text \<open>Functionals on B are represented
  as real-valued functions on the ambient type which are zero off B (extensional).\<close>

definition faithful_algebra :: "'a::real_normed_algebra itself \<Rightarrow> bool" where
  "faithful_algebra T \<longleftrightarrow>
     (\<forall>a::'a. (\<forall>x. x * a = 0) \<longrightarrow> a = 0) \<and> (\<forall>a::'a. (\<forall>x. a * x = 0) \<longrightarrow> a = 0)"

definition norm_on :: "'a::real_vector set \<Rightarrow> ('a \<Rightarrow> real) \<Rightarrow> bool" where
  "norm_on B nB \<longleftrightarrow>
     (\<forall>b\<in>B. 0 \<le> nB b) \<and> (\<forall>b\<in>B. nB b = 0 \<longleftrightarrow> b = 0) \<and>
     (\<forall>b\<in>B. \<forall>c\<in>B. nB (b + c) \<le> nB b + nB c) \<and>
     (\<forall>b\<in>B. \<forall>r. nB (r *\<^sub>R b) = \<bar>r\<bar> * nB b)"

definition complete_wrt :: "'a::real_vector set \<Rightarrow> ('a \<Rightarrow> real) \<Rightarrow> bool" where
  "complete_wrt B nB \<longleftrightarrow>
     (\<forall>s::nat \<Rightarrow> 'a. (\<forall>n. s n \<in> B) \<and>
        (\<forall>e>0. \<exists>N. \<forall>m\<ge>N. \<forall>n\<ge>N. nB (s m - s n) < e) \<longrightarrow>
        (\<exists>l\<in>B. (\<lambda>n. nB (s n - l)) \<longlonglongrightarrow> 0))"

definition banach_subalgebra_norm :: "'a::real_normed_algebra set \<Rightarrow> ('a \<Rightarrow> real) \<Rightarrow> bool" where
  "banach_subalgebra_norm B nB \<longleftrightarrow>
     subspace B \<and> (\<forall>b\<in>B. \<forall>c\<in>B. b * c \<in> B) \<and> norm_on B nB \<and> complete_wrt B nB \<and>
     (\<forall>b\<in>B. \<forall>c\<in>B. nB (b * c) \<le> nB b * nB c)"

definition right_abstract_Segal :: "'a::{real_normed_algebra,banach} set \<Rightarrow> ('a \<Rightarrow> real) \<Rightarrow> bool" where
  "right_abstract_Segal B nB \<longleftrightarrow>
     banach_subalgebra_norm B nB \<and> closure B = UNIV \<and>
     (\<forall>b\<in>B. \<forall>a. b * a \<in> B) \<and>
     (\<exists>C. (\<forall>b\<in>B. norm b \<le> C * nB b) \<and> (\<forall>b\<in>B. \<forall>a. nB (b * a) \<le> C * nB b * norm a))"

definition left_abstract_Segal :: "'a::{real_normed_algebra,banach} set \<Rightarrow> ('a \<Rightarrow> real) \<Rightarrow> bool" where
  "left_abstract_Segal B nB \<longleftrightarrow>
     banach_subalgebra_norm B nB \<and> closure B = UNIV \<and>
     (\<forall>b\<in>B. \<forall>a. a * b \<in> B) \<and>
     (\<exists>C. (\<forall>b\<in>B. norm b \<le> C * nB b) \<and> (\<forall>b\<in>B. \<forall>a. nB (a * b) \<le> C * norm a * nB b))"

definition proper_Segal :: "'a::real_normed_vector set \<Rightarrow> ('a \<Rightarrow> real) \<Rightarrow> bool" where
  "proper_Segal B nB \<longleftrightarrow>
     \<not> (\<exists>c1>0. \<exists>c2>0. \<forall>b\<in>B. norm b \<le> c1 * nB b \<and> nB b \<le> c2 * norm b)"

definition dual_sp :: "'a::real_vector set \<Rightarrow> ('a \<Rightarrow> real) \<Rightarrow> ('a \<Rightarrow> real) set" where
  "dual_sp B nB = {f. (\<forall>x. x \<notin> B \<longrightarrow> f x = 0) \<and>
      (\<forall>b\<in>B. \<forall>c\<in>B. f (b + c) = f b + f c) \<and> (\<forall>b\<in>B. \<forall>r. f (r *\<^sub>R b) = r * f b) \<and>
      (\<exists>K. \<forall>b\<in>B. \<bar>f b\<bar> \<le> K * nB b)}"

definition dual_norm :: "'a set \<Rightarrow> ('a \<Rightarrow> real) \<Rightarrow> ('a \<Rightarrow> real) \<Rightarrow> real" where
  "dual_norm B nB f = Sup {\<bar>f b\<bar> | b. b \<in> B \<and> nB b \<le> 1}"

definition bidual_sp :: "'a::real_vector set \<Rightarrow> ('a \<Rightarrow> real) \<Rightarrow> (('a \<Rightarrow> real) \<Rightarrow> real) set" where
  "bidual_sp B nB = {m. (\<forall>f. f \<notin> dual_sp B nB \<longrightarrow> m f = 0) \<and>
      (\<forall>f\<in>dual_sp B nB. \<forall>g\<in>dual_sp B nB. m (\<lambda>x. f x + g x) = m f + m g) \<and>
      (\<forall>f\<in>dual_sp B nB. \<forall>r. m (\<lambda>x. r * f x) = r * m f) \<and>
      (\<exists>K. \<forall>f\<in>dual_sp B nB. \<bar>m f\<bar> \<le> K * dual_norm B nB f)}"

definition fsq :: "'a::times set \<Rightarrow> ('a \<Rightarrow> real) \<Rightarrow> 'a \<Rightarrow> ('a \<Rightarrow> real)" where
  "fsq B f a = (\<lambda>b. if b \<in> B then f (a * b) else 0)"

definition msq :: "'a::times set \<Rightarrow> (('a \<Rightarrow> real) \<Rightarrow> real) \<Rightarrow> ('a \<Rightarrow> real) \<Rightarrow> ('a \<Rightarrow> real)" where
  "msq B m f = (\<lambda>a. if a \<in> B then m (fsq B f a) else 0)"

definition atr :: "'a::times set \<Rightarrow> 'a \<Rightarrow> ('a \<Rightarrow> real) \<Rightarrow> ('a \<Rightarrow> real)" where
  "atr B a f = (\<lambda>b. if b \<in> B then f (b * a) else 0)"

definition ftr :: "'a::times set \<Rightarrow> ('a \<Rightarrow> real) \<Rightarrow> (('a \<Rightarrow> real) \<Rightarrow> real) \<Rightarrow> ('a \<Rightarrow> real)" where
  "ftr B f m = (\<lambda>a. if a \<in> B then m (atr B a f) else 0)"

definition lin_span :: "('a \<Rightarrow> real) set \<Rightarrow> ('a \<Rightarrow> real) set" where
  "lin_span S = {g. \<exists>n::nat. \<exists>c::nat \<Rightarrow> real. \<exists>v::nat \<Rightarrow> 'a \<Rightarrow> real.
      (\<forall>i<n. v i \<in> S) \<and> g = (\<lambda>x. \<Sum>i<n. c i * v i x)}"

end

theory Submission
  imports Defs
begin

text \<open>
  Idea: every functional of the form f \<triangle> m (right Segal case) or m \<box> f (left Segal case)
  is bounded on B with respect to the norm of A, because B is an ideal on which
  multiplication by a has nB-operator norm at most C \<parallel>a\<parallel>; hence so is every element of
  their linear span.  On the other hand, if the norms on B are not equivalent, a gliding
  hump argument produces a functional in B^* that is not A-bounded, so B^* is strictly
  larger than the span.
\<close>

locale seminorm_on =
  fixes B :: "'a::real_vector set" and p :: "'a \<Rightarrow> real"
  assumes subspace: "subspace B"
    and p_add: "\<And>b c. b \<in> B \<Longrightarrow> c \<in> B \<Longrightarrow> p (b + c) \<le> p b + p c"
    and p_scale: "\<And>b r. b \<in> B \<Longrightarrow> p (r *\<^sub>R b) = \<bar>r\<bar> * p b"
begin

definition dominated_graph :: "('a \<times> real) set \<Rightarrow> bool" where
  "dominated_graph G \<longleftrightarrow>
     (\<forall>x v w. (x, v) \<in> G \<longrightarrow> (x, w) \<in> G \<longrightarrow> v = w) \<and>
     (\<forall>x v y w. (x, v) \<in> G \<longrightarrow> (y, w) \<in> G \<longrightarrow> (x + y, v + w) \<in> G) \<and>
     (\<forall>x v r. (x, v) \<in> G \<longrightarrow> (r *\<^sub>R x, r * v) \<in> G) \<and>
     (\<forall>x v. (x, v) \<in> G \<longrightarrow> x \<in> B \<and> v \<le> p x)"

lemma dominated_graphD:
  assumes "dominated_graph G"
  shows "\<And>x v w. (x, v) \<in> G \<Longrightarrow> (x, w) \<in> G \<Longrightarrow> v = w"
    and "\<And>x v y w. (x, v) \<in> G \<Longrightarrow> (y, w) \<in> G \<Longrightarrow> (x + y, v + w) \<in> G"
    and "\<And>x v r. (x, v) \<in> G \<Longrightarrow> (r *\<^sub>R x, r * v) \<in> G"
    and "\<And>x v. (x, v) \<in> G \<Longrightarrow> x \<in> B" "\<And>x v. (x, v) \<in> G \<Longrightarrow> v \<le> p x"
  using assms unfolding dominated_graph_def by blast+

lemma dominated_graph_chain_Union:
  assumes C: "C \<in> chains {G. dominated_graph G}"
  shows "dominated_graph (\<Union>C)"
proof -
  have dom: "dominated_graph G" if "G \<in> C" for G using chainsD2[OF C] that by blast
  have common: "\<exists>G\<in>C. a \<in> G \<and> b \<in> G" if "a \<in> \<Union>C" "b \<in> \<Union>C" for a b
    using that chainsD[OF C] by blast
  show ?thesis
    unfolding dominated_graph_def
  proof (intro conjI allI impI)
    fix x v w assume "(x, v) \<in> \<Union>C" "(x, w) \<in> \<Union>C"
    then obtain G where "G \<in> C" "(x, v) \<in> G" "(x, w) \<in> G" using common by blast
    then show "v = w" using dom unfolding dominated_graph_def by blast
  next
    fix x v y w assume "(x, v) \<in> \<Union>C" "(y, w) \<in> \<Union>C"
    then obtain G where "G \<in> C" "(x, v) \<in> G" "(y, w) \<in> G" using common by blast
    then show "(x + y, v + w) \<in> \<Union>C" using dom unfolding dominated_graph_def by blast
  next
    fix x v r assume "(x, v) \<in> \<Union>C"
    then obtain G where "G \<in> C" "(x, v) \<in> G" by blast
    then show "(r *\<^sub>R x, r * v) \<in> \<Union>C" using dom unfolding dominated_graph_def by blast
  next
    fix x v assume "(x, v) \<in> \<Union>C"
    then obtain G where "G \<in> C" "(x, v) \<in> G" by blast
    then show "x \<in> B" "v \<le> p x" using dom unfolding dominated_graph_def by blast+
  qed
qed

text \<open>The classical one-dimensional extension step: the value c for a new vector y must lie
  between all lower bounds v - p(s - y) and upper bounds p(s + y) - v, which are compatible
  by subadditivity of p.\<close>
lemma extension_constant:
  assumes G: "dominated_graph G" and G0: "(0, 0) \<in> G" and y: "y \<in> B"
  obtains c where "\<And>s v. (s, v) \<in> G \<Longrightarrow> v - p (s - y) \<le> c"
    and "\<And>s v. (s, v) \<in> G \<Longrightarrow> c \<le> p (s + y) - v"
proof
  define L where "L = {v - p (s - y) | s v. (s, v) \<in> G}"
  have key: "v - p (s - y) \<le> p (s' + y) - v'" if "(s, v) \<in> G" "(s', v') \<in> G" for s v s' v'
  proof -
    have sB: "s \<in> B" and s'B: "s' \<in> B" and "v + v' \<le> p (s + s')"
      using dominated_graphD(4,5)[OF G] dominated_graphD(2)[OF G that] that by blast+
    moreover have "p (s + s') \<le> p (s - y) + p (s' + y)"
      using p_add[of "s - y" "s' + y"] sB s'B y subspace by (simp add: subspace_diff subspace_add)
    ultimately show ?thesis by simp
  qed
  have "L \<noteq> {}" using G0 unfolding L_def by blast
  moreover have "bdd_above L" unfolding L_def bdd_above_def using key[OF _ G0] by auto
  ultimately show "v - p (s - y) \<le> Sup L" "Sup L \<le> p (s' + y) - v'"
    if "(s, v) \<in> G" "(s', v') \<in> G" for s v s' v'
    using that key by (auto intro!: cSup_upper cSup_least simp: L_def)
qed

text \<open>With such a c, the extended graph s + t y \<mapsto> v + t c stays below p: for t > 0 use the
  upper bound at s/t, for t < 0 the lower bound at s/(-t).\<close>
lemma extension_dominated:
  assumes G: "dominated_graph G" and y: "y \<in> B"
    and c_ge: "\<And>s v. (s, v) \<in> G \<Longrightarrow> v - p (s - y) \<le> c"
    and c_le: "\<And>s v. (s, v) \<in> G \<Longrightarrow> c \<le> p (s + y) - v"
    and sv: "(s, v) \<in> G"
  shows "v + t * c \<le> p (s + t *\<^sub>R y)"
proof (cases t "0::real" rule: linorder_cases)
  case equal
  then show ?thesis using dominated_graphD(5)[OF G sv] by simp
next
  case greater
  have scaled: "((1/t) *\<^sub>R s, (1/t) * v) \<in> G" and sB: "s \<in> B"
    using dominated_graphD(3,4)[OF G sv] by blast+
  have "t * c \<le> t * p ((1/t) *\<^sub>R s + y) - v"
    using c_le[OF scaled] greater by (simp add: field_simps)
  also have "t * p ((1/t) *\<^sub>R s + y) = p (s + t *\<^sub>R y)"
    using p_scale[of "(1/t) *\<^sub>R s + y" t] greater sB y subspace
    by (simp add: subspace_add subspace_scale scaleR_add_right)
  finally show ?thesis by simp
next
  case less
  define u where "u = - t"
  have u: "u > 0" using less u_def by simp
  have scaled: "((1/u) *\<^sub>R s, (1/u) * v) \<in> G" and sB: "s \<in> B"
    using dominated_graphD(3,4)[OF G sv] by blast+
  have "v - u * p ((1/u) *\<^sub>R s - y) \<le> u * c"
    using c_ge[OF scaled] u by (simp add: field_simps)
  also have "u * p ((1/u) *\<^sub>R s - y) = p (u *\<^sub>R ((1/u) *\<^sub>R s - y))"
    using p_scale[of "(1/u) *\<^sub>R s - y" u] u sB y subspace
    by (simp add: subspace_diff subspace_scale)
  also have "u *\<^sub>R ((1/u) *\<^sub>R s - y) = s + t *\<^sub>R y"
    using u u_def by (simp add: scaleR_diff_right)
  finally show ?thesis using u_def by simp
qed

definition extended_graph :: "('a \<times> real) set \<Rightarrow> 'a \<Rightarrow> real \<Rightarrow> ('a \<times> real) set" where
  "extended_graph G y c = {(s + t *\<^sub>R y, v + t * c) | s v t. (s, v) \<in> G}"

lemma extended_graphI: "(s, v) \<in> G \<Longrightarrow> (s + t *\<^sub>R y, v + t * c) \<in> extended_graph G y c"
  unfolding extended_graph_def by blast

§ Task directions
Look back at the entries above. Retype the line with "(\<forall>b\<in>B. \<forall>c\<in>B. f", the line with "f = 0) \<and>", and all lines in between.

§ Response to the task
      (\<forall>b\<in>B. \<forall>c\<in>B. f (b + c) = f b + f c) \<and> (\<forall>b\<in>B. \<forall>r. f (r *\<^sub>R b) = r * f b) \<and>
      (\<exists>K. \<forall>b\<in>B. \<bar>f b\<bar> \<le> K * nB b)}"

definition dual_norm :: "'a set \<Rightarrow> ('a \<Rightarrow> real) \<Rightarrow> ('a \<Rightarrow> real) \<Rightarrow> real" where
  "dual_norm B nB f = Sup {\<bar>f b\<bar> | b. b \<in> B \<and> nB b \<le> 1}"

definition bidual_sp :: "'a::real_vector set \<Rightarrow> ('a \<Rightarrow> real) \<Rightarrow> (('a \<Rightarrow> real) \<Rightarrow> real) set" where
  "bidual_sp B nB = {m. (\<forall>f. f \<notin> dual_sp B nB \<longrightarrow> m f = 0) \<and>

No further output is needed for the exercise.